[THE TASK]:
Exact repetition of every entry is required.

Data entries
::::::::::

lemma entries_in_Rring_adjoin:
  assumes "k \<ge> 1" "entries_in M (Rring (3 * 2^k))"
  shows "entries_in M (adjoin (Rring (3 * 2^(k-1))) (zeta (3 * 2^k)))"
proof -
  have double: "2 * (3 * 2^(k-1)) = (3 * 2^k :: nat)" using assms(1) by (cases k) simp_all
  have "Rring (3 * 2^k) \<subseteq> adjoin (Rring (3 * 2^(k-1))) (zeta (3 * 2^k))"
    using Rring_double_subset_adjoin[of "3 * 2^(k-1)", unfolded double] by simp
  thus ?thesis using assms(2) by (rule entries_in_mono[rotated])
qed

lemma decomp_eq:
  assumes k: "k \<ge> 2"
    and A: "A \<in> carrier_mat (dim_row M) (dim_col M)" "entries_in A (Rring (3 * 2^(k-1)))"
    and B: "B \<in> carrier_mat (dim_row M) (dim_col M)" "entries_in B (Rring (3 * 2^(k-1)))"
    and M: "M = A + zeta (3 * 2^k) \<cdot>\<^sub>m B"
  shows "decomp k M = (A, B)"
  unfolding decomp_def
proof (rule the_equality)
  interpret quadratic_extension "Rring (3 * 2^(k-1))" "zeta (3 * 2^k)"
    using k by (rule quadratic_extension_Rring)
  fix p
  assume "case p of (A', B') \<Rightarrow> A' \<in> carrier_mat (dim_row M) (dim_col M)
    \<and> B' \<in> carrier_mat (dim_row M) (dim_col M) \<and> entries_in A' (Rring (3 * 2^(k-1)))
    \<and> entries_in B' (Rring (3 * 2^(k-1))) \<and> M = A' + zeta (3 * 2^k) \<cdot>\<^sub>m B'"
  moreover obtain A' B' where p: "p = (A', B')" by (cases p)
  ultimately have A': "A' \<in> carrier_mat (dim_row M) (dim_col M)" "entries_in A' (Rring (3 * 2^(k-1)))"
    and B': "B' \<in> carrier_mat (dim_row M) (dim_col M)" "entries_in B' (Rring (3 * 2^(k-1)))"
    and M': "M = A' + zeta (3 * 2^k) \<cdot>\<^sub>m B'"
    by (simp_all only: prod.case) blast+
  have "A' + zeta (3 * 2^k) \<cdot>\<^sub>m B' = A + zeta (3 * 2^k) \<cdot>\<^sub>m B"
    using trans[OF sym[OF M'] M] .
  hence "A' = A" "B' = B" by (rule decomposition_unique[OF A' B' A B])+
  thus "p = (A, B)" unfolding p by simp
qed (simp only: prod.case, intro conjI A B M)

lemma psi_eq_rep_mat:
  assumes k: "k \<ge> 2" and M: "entries_in M (Rring (3 * 2^k))"
  shows "psi k M = quadratic_extension.rep_mat (Rring (3 * 2^(k-1))) (zeta (3 * 2^k)) M"
proof -
  interpret quadratic_extension "Rring (3 * 2^(k-1))" "zeta (3 * 2^k)"
    using k by (rule quadratic_extension_Rring)
  have "entries_in M (adjoin (Rring (3 * 2^(k-1))) (zeta (3 * 2^k)))"
    by (rule entries_in_Rring_adjoin[OF _ M]) (use k in linarith)
  then obtain A B
    where A: "A \<in> carrier_mat (dim_row M) (dim_col M)" "entries_in A (Rring (3 * 2^(k-1)))"
      and B: "B \<in> carrier_mat (dim_row M) (dim_col M)" "entries_in B (Rring (3 * 2^(k-1)))"
      and M_eq: "M = A + zeta (3 * 2^k) \<cdot>\<^sub>m B"
    by (rule decomposition_exists)
  have "Gamma k = mat_of_rows_list 2 [[0, 1], [zeta (3 * 2^k) ^ 2, 0]]"
    using k by (simp add: Gamma_def zeta_3_power2_square)
  thus ?thesis unfolding psi_def decomp_eq[OF k A B M_eq]
    using kron_decomposition_eq_rep_mat[OF A B] M_eq by simp
qed

lemma
  shows dim_dvec: "dim_vec (dvec k) = 2"
    and dvec_1: "dvec k $ 1 = zeta (3 * 2^k) * dvec k $ 0"
    and sum_norm_dvec: "(\<Sum>i<2. (cmod (dvec k $ i))^2) = 1"
  by (simp_all add: dvec_def vec_of_list_index numeral_2_eq_2 norm_divide power_divide
      del: vec_of_list_Cons)

lemma
  assumes k: "k \<ge> 2" and U: "U \<in> unitaries_over (3 * 2^k)"
  shows psi_in_unitaries_over: "psi k U \<in> unitaries_over (3 * 2^(k-1))"
    and psi_carrier: "U \<in> carrier_mat d d \<Longrightarrow> psi k U \<in> carrier_mat (2 * d) (2 * d)"
    and psi_mult_kron_dvec: "U \<in> carrier_mat d d \<Longrightarrow> u \<in> carrier_vec d \<Longrightarrow>
      psi k U *\<^sub>v kron_vec u (dvec k) = kron_vec (U *\<^sub>v u) (dvec k)"
proof -
  interpret quadratic_extension "Rring (3 * 2^(k-1))" "zeta (3 * 2^k)"
    using k by (rule quadratic_extension_Rring)
  have U_unitary: "unitary_mat U" and U_entries: "entries_in U (Rring (3 * 2^k))"
    using U by (simp_all add: unitaries_over_def)
  have U': "entries_in U (adjoin (Rring (3 * 2^(k-1))) (zeta (3 * 2^k)))"
    by (rule entries_in_Rring_adjoin[OF _ U_entries]) (use k in linarith)
  have psi: "psi k U = rep_mat U" by (rule psi_eq_rep_mat[OF k U_entries])
  show "psi k U \<in> unitaries_over (3 * 2^(k-1))"
    unfolding psi unitaries_over_def using unitary_rep_mat[OF U_unitary U'] entries_in_rep_mat[OF U']
    by simp
  show "psi k U \<in> carrier_mat (2 * d) (2 * d)" if "U \<in> carrier_mat d d"
    unfolding psi using that by (rule rep_mat_carrier)
  show "psi k U *\<^sub>v kron_vec u (dvec k) = kron_vec (U *\<^sub>v u) (dvec k)"
    if "U \<in> carrier_mat d d" "u \<in> carrier_vec d"
    unfolding psi using rep_mat_mult_kron_vec[OF U' _ dim_dvec dvec_1] that by simp
qed

theorem proposition5p4:
  fixes k :: nat
  assumes "k \<ge> 2"
  shows "catalytic_embedding 2 (unitaries_over (3 * 2^k)) (unitaries_over (3 * 2^(k-1))) (psi k) (dvec k)"
  unfolding catalytic_embedding_def dim_dvec
  using sum_norm_dvec psi_in_unitaries_over[OF assms] psi_carrier[OF assms]
    psi_mult_kron_dvec[OF assms]
  by blast

end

::::::::::

[RESULT OF THE TASK]:
lemma entries_in_Rring_adjoin:
  assumes "k \<ge> 1" "entries_in M (Rring (3 * 2^k))"
  shows "entries_in M (adjoin (Rring (3 * 2^(k-1))) (zeta (3 * 2^k)))"
proof -
  have double: "2 * (3 * 2^(k-1)) = (3 * 2^k :: nat)" using assms(1) by (cases k) simp_all
  have "Rring (3 * 2^k) \<subseteq> adjoin (Rring (3 * 2^(k-1))) (zeta (3 * 2^k))"
    using Rring_double_subset_adjoin[of "3 * 2^(k-1)", unfolded double] by simp
  thus ?thesis using assms(2) by (rule entries_in_mono[rotated])
qed

lemma decomp_eq:
  assumes k: "k \<ge> 2"
    and A: "A \<in> carrier_mat (dim_row M) (dim_col M)" "entries_in A (Rring (3 * 2^(k-1)))"
    and B: "B \<in> carrier_mat (dim_row M) (dim_col M)" "entries_in B (Rring (3 * 2^(k-1)))"
    and M: "M = A + zeta (3 * 2^k) \<cdot>\<^sub>m B"
  shows "decomp k M = (A, B)"
  unfolding decomp_def
proof (rule the_equality)
  interpret quadratic_extension "Rring (3 * 2^(k-1))" "zeta (3 * 2^k)"
    using k by (rule quadratic_extension_Rring)
  fix p
  assume "case p of (A', B') \<Rightarrow> A' \<in> carrier_mat (dim_row M) (dim_col M)
    \<and> B' \<in> carrier_mat (dim_row M) (dim_col M) \<and> entries_in A' (Rring (3 * 2^(k-1)))
    \<and> entries_in B' (Rring (3 * 2^(k-1))) \<and> M = A' + zeta (3 * 2^k) \<cdot>\<^sub>m B'"
  moreover obtain A' B' where p: "p = (A', B')" by (cases p)
  ultimately have A': "A' \<in> carrier_mat (dim_row M) (dim_col M)" "entries_in A' (Rring (3 * 2^(k-1)))"
    and B': "B' \<in> carrier_mat (dim_row M) (dim_col M)" "entries_in B' (Rring (3 * 2^(k-1)))"
    and M': "M = A' + zeta (3 * 2^k) \<cdot>\<^sub>m B'"
    by (simp_all only: prod.case) blast+
  have "A' + zeta (3 * 2^k) \<cdot>\<^sub>m B' = A + zeta (3 * 2^k) \<cdot>\<^sub>m B"
    using trans[OF sym[OF M'] M] .
  hence "A' = A" "B' = B" by (rule decomposition_unique[OF A' B' A B])+
  thus "p = (A, B)" unfolding p by simp
qed (simp only: prod.case, intro conjI A B M)

lemma psi_eq_rep_mat:
  assumes k: "k \<ge> 2" and M: "entries_in M (Rring (3 * 2^k))"
  shows "psi k M = quadratic_extension.rep_mat (Rring (3 * 2^(k-1))) (zeta (3 * 2^k)) M"
proof -
  interpret quadratic_extension "Rring (3 * 2^(k-1))" "zeta (3 * 2^k)"
    using k by (rule quadratic_extension_Rring)
  have "entries_in M (adjoin (Rring (3 * 2^(k-1))) (zeta (3 * 2^k)))"
    by (rule entries_in_Rring_adjoin[OF _ M]) (use k in linarith)
  then obtain A B
    where A: "A \<in> carrier_mat (dim_row M) (dim_col M)" "entries_in A (Rring (3 * 2^(k-1)))"
      and B: "B \<in> carrier_mat (dim_row M) (dim_col M)" "entries_in B (Rring (3 * 2^(k-1)))"
      and M_eq: "M = A + zeta (3 * 2^k) \<cdot>\<^sub>m B"
    by (rule decomposition_exists)
  have "Gamma k = mat_of_rows_list 2 [[0, 1], [zeta (3 * 2^k) ^ 2, 0]]"
    using k by (simp add: Gamma_def zeta_3_power2_square)
  thus ?thesis unfolding psi_def decomp_eq[OF k A B M_eq]
    using kron_decomposition_eq_rep_mat[OF A B] M_eq by simp
qed

lemma
  shows dim_dvec: "dim_vec (dvec k) = 2"
    and dvec_1: "dvec k $ 1 = zeta (3 * 2^k) * dvec k $ 0"
    and sum_norm_dvec: "(\<Sum>i<2. (cmod (dvec k $ i))^2) = 1"
  by (simp_all add: dvec_def vec_of_list_index numeral_2_eq_2 norm_divide power_divide
      del: vec_of_list_Cons)

lemma
  assumes k: "k \<ge> 2" and U: "U \<in> unitaries_over (3 * 2^k)"
  shows psi_in_unitaries_over: "psi k U \<in> unitaries_over (3 * 2^(k-1))"
    and psi_carrier: "U \<in> carrier_mat d d \<Longrightarrow> psi k U \<in> carrier_mat (2 * d) (2 * d)"
    and psi_mult_kron_dvec: "U \<in> carrier_mat d d \<Longrightarrow> u \<in> carrier_vec d \<Longrightarrow>
      psi k U *\<^sub>v kron_vec u (dvec k) = kron_vec (U *\<^sub>v u) (dvec k)"
proof -
  interpret quadratic_extension "Rring (3 * 2^(k-1))" "zeta (3 * 2^k)"
    using k by (rule quadratic_extension_Rring)
  have U_unitary: "unitary_mat U" and U_entries: "entries_in U (Rring (3 * 2^k))"
    using U by (simp_all add: unitaries_over_def)
  have U': "entries_in U (adjoin (Rring (3 * 2^(k-1))) (zeta (3 * 2^k)))"
    by (rule entries_in_Rring_adjoin[OF _ U_entries]) (use k in linarith)
  have psi: "psi k U = rep_mat U" by (rule psi_eq_rep_mat[OF k U_entries])
  show "psi k U \<in> unitaries_over (3 * 2^(k-1))"
    unfolding psi unitaries_over_def using unitary_rep_mat[OF U_unitary U'] entries_in_rep_mat[OF U']
    by simp
  show "psi k U \<in> carrier_mat (2 * d) (2 * d)" if "U \<in> carrier_mat d d"
    unfolding psi using that by (rule rep_mat_carrier)
  show "psi k U *\<^sub>v kron_vec u (dvec k) = kron_vec (U *\<^sub>v u) (dvec k)"
    if "U \<in> carrier_mat d d" "u \<in> carrier_vec d"
    unfolding psi using rep_mat_mult_kron_vec[OF U' _ dim_dvec dvec_1] that by simp
qed

theorem proposition5p4:
  fixes k :: nat
  assumes "k \<ge> 2"
  shows "catalytic_embedding 2 (unitaries_over (3 * 2^k)) (unitaries_over (3 * 2^(k-1))) (psi k) (dvec k)"
  unfolding catalytic_embedding_def dim_dvec
  using sum_norm_dvec psi_in_unitaries_over[OF assms] psi_carrier[OF assms]
    psi_mult_kron_dvec[OF assms]
  by blast

end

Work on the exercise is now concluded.